None of this addresses my post. I was asking about multiple selective pressures.

You keep claiming this is a problem, but you haven't actually addressed it as such.

If you apply multiple selection pressures to populations, the empirical evidence shows that they usually go extinct. Even if the remaining population doesn't go extinct, it doesn't mean they have adapted or even improved fitness.

I've noticed that all of your examples focuses specifically on scenarios whereby the selective pressure is designed to eliminate a population.

Is that so? Are the Kishony and Lenski populations eliminated?

I've got some chores to do, I'll get back later.

 

[pitabread]

If you apply multiple selection pressures to populations, the empirical evidence shows that they usually go extinct. Even if the remaining population doesn't go extinct, it doesn't mean they have adapted or even improved fitness.

Yet this is not what is observed in human evolution and the adaption to multiple selection pressures like different climates, pathogens, diet, etc.

Is that so?

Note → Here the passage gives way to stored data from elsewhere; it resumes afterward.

lemma has_real_derivative_sum_power_from_two_at_0:
  "((\<lambda>x. \<Sum>k=2..m. a k * x ^ k) has_real_derivative 0) (at 0)"
proof -
  have "((\<lambda>x. \<Sum>k=2..m. a k * x ^ k)
      has_real_derivative (\<Sum>k=2..m. a k * (of_nat k * 0 ^ (k - 1)))) (at 0)"
    by (intro derivative_eq_intros) auto
  moreover have "(\<Sum>k=2..m. a k * (of_nat k * 0 ^ (k - 1))) = 0"
    by (intro sum.neutral) auto
  ultimately show ?thesis by simp
qed

lemma level_point_lower_bound:
  fixes a :: "nat \<Rightarrow> real"
  assumes "0 \<le> \<mu>" "(\<Sum>k=2..m. a k * \<mu> ^ k) = 1"
  shows "1 \<le> (\<Sum>k=2..m. \<bar>a k\<bar> powr (1 / real k)) * \<mu>"
proof -
  have "1 \<le> (\<Sum>k=2..m. \<bar>a k\<bar> * \<mu> ^ k)"
    unfolding assms(2)[symmetric] using assms(1) by (intro sum_mono mult_right_mono) auto
  also have "\<dots> = (\<Sum>k=2..m. (\<bar>a k\<bar> powr (1 / real k) * \<mu>) ^ k)"
    by (intro sum.cong refl abs_mult_power_eq_powr_root) auto
  finally have powers: "1 \<le> (\<Sum>k=2..m. (\<bar>a k\<bar> powr (1 / real k) * \<mu>) ^ k)" .
  have "1 \<le> (\<Sum>k=2..m. \<bar>a k\<bar> powr (1 / real k) * \<mu>)"
    using assms(1) by (intro sum_ge_one_of_sum_powers_ge_one[OF _ _ powers]) auto
  then show ?thesis by (simp add: sum_distrib_right)
qed

lemma level_point_upper_bound:
  fixes a :: "nat \<Rightarrow> real"
  assumes K: "\<forall>c M. (\<forall>t\<in>{0..1}. \<bar>\<Sum>k\<le>m. c k * t ^ k\<bar> \<le> M) \<longrightarrow> (\<forall>k\<le>m. \<bar>c k\<bar> \<le> K * M)"
    and "0 \<le> \<mu>" and bd: "\<forall>t\<in>{0..1}. \<bar>\<Sum>k=2..m. a k * (t * \<mu>) ^ k\<bar> \<le> 1"
  shows "(\<Sum>k=2..m. \<bar>a k\<bar> powr (1 / real k)) * \<mu> \<le> real (m - 1) * max 1 K"
proof -
  define c where "c k = (if 2 \<le> k then a k * \<mu> ^ k else 0)" for k
  have "(\<Sum>k\<le>m. c k * t ^ k) = (\<Sum>k=2..m. a k * (t * \<mu>) ^ k)" for t
  proof -
    have "(\<Sum>k\<le>m. c k * t ^ k) = (\<Sum>k\<in>{..m} \<inter> {k. 2 \<le> k}. a k * \<mu> ^ k * t ^ k)"
      by (simp add: c_def sum.inter_restrict if_distrib[of "\<lambda>x. x * _"] cong: if_cong)
    also have "{..m} \<inter> {k. 2 \<le> k} = {2..m}" by auto
    finally show ?thesis by (simp add: power_mult_distrib ac_simps)
  qed
  then have "\<forall>t\<in>{0..1}. \<bar>\<Sum>k\<le>m. c k * t ^ k\<bar> \<le> 1"
    using bd by simp
  then have "\<forall>k\<le>m. \<bar>c k\<bar> \<le> K * 1"
    using K by blast
  then have "\<bar>a k\<bar> * \<mu> ^ k \<le> K" if "k \<in> {2..m}" for k
    using that \<open>0 \<le> \<mu>\<close> by (auto simp: c_def abs_mult)
  then have "(\<Sum>k=2..m. \<bar>a k\<bar> powr (1 / real k) * \<mu>) \<le> card {2..m} * max 1 K"
    using \<open>0 \<le> \<mu>\<close> by (intro sum_le_card_of_powers_le) (auto simp: abs_mult_power_eq_powr_root)
  then show ?thesis by (simp add: sum_distrib_right)
qed

lemma convex_level_point_bounds:
  fixes a :: "nat \<Rightarrow> real"
  assumes K: "\<forall>c M. (\<forall>t\<in>{0..1}. \<bar>\<Sum>k\<le>m. c k * t ^ k\<bar> \<le> M) \<longrightarrow> (\<forall>k\<le>m. \<bar>c k\<bar> \<le> K * M)"
    and cvx: "convex_on {0..A} (\<lambda>x. \<Sum>k=2..m. a k * x ^ k)"
    and \<mu>: "\<mu> \<in> {0..A}" and P\<mu>: "(\<Sum>k=2..m. a k * \<mu> ^ k) = 1"
  shows "1 \<le> (\<Sum>k=2..m. \<bar>a k\<bar> powr (1 / real k)) * \<mu>"
    and "(\<Sum>k=2..m. \<bar>a k\<bar> powr (1 / real k)) * \<mu> \<le> real (m - 1) * max 1 K"
proof -
  let ?P = "\<lambda>x. \<Sum>k=2..m. a k * x ^ k"
  have P0: "?P 0 = 0" by simp
  show "1 \<le> (\<Sum>k=2..m. \<bar>a k\<bar> powr (1 / real k)) * \<mu>"
    using level_point_lower_bound \<mu> P\<mu> by simp
  have "\<bar>?P (t * \<mu>)\<bar> \<le> 1" if t: "t \<in> {0..1}" for t
  proof -
    have "t * \<mu> \<in> {0..A}"
      using t \<mu> mult_left_le_one_le[of \<mu> t] by auto
    then have "0 \<le> ?P (t * \<mu>)"
      by (rule convex_on_nonneg_of_deriv_zero[OF cvx P0 has_real_derivative_sum_power_from_two_at_0])
    moreover have "?P (t * \<mu>) \<le> t"
      using convex_on_scale_le[OF cvx P0 \<mu>, of t] t P\<mu> by simp
    ultimately show ?thesis using t by simp
  qed
  then show "(\<Sum>k=2..m. \<bar>a k\<bar> powr (1 / real k)) * \<mu> \<le> real (m - 1) * max 1 K"
    using level_point_upper_bound[OF K] \<mu> by simp
qed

Are the Kishony and Lenski populations eliminated?

The Kishony and Lenski experiments are highly contrived scenarios that don't specifically mimic real-world evolution (insofar as real-world environments, selection pressures, etc.).

This is why I'm more interested in scenarios in real-world environments.

I think human evolution would be a primate candidate. If you really think your model is an accurate description of real-world evolution, try applying it to what we know about human evolution. Perhaps do some modeling to see what would happen to human populations as they migrated around the world? In your model, would human populations be able to adapt to different climates while under various selection pressures?